Exercise description: Check every line of the entries for the string "obtain" and return the ones that contain it.

[Data for the task — start]

lemma direct_summandI:
  assumes M: "rsubmodule M act M" and S: "rsubmodule M act S" and T: "rsubmodule M act T"
    and disjoint: "S \<inter> T \<subseteq> {0}" and spanning: "M \<subseteq> sum_sets S T"
  shows "direct_summand M act S"
proof -
  have "S \<inter> T = {0}" using disjoint rsubmoduleD(2)[OF S] rsubmoduleD(2)[OF T] by blast
  moreover have "sum_sets S T = M"
    using spanning sum_sets_subset[OF M rsubmoduleD(1)[OF S] rsubmoduleD(1)[OF T]] by blast
  ultimately show ?thesis unfolding direct_summand_def using S T by blast
qed

definition bounded_seqs :: "nat \<Rightarrow> (nat \<Rightarrow> 'a::ring_1) set" where
  "bounded_seqs n = {x. \<forall>j>n. x j = 0}"

definition single_seq :: "nat \<Rightarrow> 'a::ring_1 \<Rightarrow> nat \<Rightarrow> 'a" where
  "single_seq n c = (\<lambda>j. if j = n then c else 0)"

lemma free_countable_iff: "x \<in> free_countable \<longleftrightarrow> (\<exists>n. x \<in> bounded_seqs n)"
proof
  assume "x \<in> free_countable"
  then obtain n where "\<forall>j\<in>{j. x j \<noteq> 0}. j \<le> n"
    unfolding free_countable_def using finite_nat_set_iff_bounded_le by blast
  then have "x \<in> bounded_seqs n" unfolding bounded_seqs_def by force
  then show "\<exists>n. x \<in> bounded_seqs n" ..
next
  assume "\<exists>n. x \<in> bounded_seqs n"
  then obtain n where "\<forall>j>n. x j = 0" unfolding bounded_seqs_def by blast
  then have "{j. x j \<noteq> 0} \<subseteq> {..n}" using not_le by blast
  then show "x \<in> free_countable" unfolding free_countable_def using finite_subset by blast
qed

lemma rsubmodule_bounded_seqs: "rsubmodule free_countable rsmult (bounded_seqs n)"
proof (rule rsubmoduleI)
  show "bounded_seqs n \<subseteq> free_countable" using free_countable_iff by blast
qed (auto simp: bounded_seqs_def rsmult_def)

lemma rsubmodule_free_countable: "rsubmodule free_countable rsmult free_countable"
proof (rule rsubmoduleI)
  fix x y :: "nat \<Rightarrow> 'a" assume "x \<in> free_countable" "y \<in> free_countable"
  then obtain n m where "x \<in> bounded_seqs n" "y \<in> bounded_seqs m"
    unfolding free_countable_iff by blast
  then have "x + y \<in> bounded_seqs (max n m)" by (simp add: bounded_seqs_def)
  then show "x + y \<in> free_countable" unfolding free_countable_iff by blast
next
  fix x :: "nat \<Rightarrow> 'a" and r assume "x \<in> free_countable"
  then obtain n where "x \<in> bounded_seqs n" unfolding free_countable_iff by blast
  then have "rsmult x r \<in> bounded_seqs n" using rsubmoduleD(5)[OF rsubmodule_bounded_seqs] by blast
  then show "rsmult x r \<in> free_countable" unfolding free_countable_iff by blast
next
  fix x :: "nat \<Rightarrow> 'a" assume "x \<in> free_countable"
  then obtain n where "x \<in> bounded_seqs n" unfolding free_countable_iff by blast
  then have "- x \<in> bounded_seqs n" by (simp add: bounded_seqs_def)
  then show "- x \<in> free_countable" unfolding free_countable_iff by blast
qed (auto simp: free_countable_def)

lemma rsmult_add: "rsmult (x + y) r = rsmult x r + rsmult y r"
  by (simp add: rsmult_def fun_eq_iff distrib_right)

lemma rsubmodule_sum_sets_free:
  assumes "rsubmodule free_countable rsmult S" "rsubmodule free_countable rsmult T"
  shows "rsubmodule free_countable rsmult (sum_sets S T)"
  by (rule rsubmodule_sum_sets[OF rsubmodule_free_countable _ assms]) (rule rsmult_add)

lemma single_seq_in_bounded_seqs: "single_seq n c \<in> bounded_seqs n"
  by (simp add: single_seq_def bounded_seqs_def)

lemma single_seq_in_free_countable: "single_seq n c \<in> free_countable"
  using single_seq_in_bounded_seqs free_countable_iff by blast

lemma right_ideal_eval_image:
  assumes "rsubmodule free_countable rsmult S"
  shows "right_ideal ((\<lambda>x. x m) ` S)"
  by (rule rsubmodule_image[OF assms]) (simp_all add: rsmult_def)

definition leading_ideal :: "(nat \<Rightarrow> 'a::ring_1) set \<Rightarrow> nat \<Rightarrow> 'a set" where
  "leading_ideal N m = (\<lambda>y. y m) ` (N \<inter> bounded_seqs m)"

[Data for the task — finish]

Solution for this task:
  then obtain n where "\<forall>j\<in>{j. x j \<noteq> 0}. j \<le> n"
  then obtain n where "\<forall>j>n. x j = 0" unfolding bounded_seqs_def by blast
  then obtain n m where "x \<in> bounded_seqs n" "y \<in> bounded_seqs m"
  then obtain n where "x \<in> bounded_seqs n" unfolding free_countable_iff by blast
  then obtain n where "x \<in> bounded_seqs n" unfolding free_countable_iff by blast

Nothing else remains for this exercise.